Больше всего сейчас боялся Щеткин, что отныне никто больше вообще не поверит ни единому его слову. А Меркулов? Да что теперь говорить?! Позорная отставка – вот что ожидает несчастного Костю, искренне поверившего ему, идиоту. И вот в награду – благодарность...
Совершенно уже не представляя, каким будет его следующий шаг, Щеткин зачем-то кинулся к бардачку, словно там могло оказаться его спасение. Но, увы, в ящике лежал электрический фонарик, какие-то кассеты – видно, от магнитофона, непонятная бумажная мелочь, спичечные коробки...
А постовые между тем приближались. Один из них, тот, что шел справа, со стороны водителей, нагнулся и заглянул в боковое стекло.
Петр замер, готовый немедленно кинуть руку к ключу зажигания и... Пока эти будут паниковать, он, конечно, немного успеет оторваться от погони... И он замер, прикрыв глаза и делая вид, что дремлет. Но, почувствовав, что называется, всей кожей чужой взгляд, устремленный на него, набрал полную грудь воздуха, медленно повернул голову направо и «встретил» глаза милиционера.

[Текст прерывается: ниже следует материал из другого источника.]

definition gen_catalan :: "nat \<Rightarrow> nat \<Rightarrow> real" where
  "gen_catalan m k =
     (let q = m div (k - 1) in
       (real (m - (k - 1) * q) + 1) / (real (m + q) + 1) * real ((m + q + 1) choose (m + 1)))"

end

theory Submission
  imports Defs
begin

text \<open>
Writing \<open>m = (k-1) q + r\<close> with \<open>r < k-1\<close>, the Catalan number \<open>C(m,k)\<close> is the ballot-type
number \<open>B(q,r) = (r+1) (kq+r)! / (q! ((k-1)q+r+1)!)\<close>. The recurrence
\<open>B(a+1,s+1) = B(a+1,s) + B(a,s+k)\<close> shows that \<open>C((k-1)a+t,k) - B(a,t)\<close> is a linear
combination of the \<open>B(a,s)\<close> with \<open>k-1 \<le> s < t\<close>, so unitriangular column operations replace
the Catalan entries \<open>C((k-1)a+j+\<beta>,k)\<close> by \<open>B(a,\<beta>+j)\<close>. Since \<open>B(a,\<beta>+j) = w(a) Q_j(a)\<close> for
polynomials \<open>Q_j\<close> of degree \<open>< n\<close>, that determinant is \<open>\<Prod> w(a_i)\<close> times a Vandermonde
determinant times the determinant of the coefficient matrix of the \<open>Q_j\<close>, which is found by
evaluating the \<open>Q_j\<close> at nodes where the evaluation matrix is triangular.
A determinant whose rows are sums of adjacent rows of an \<open>(n+1) \<times> n\<close> array equals a bordered
\<open>(n+1) \<times> (n+1)\<close> determinant; its Laplace expansion along the border is the sum of the
determinants with one row deleted, and each of these is evaluated by the formula above.
\<close>

section \<open>Triangular and Vandermonde determinants\<close>

lemma mat_mult_mat_square:
  "mat n n f * mat n n g = mat n n (\<lambda>(i,j). \<Sum>s<n. f (i,s) * g (s,j))"
  by (rule eq_matI) (auto simp: scalar_prod_def row_def col_def lessThan_atLeast0 intro!: sum.cong)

Тот приветливо улыбнулся, отчего у Петра вмиг стала вся спина мокрой, и отдал честь. Потом выпрямился, и оба постовых перешли к машине, стоявшей впереди Щеткина, к синей иномарке. Петр запоздало и чисто механически кивнул милиционерув ответ, чувствуя, как с него начинает медленно сползать неимоверный груз.
Он не мог поверить. Но мысль, вращаясь в башке со сверхсветовой скоростью, подсказала ему: дурила, они же по номерному знаку определяют, кому, какому ведомству принадлежит машина! И «Волга» из Генеральной прокуратуры – не самое редкое тут явление... Господи, пронесло! Нет, будь сейчас на торпеде этот расхожий набор иконок, Петр Щеткин перекрестился бы и поцеловал каждую...
С трудом отходя от пережитого волнения, он вдруг обнаружил, что зеленый «Форд» уже не стоит на своем месте. Взгляд Петра заметался, и, к своему новому облегчению, Щеткин обнаружил его выезжающим из ворот служебной стоянки.
«Все! – приказал себе майор. – Больше, кровь из носу, не отвлекаться ни на что!»...
Колокатов помчался, словно за ним гнались, по Садовому кольцу в сторону Крымского вала и дальше, к Зубовскому, Смоленскому бульварам, до Садовой-Каретной, где свернул на Петровку. И остановился напротив проходной известного дома под номером тридцать восемь.
Бодро выскочив из машины, Колокатов, не обращая внимания на транспорт, нагло пересек улицу и вошел, сунув постовому под нос удостоверение, во двор.
«Чего ему надо в ГУВД? – вопрос естественный. – Неужели у него есть там свои люди? Да быть того не может... А почему не может? Ведь намекал же Меркулов, что и в прокуратуре, и в милиции – кругом „кроты“! И всегда были, если рассуждать по правде! Одних только „оборотней“ – вон их сколько оказалось в том же прославленном, орденоносном МУРе...
Колокатов появился быстро. В руках у него была черная сумка – небольшая, но, заметно, не пустая.
Дальнейший путь лежал опять по Садовому кольцу до Долгоруковской улицы и затем поворот направо, в сторону Савеловского вокзала.
«Форд», конечно, спорая машинка, и поспевать за нею Петру было тяжеловато, хотя мотор «Волги» гудел ровно: видно, механики хорошо следили за транспортом своего начальства.
Первая остановка, которую сделал Дима Коло-катов, словно по внезапному наитию, была возле какого- то банка вскоре после Лесной улицы. Причем этот гад, совершенно не считаясь с правилами дорожного движения, «нырнул» чуть ли не из крайнего левого ряда вправо и затормозил у бровки тротуара. Естественно, не ожидавший подобного финта Щеткин не успел вовремя отреагировать и вынужден был проскочить вперед и потом, оглядываясь, сдавать назад, но не слишком близко, чтобы не «засветиться» раньше времени.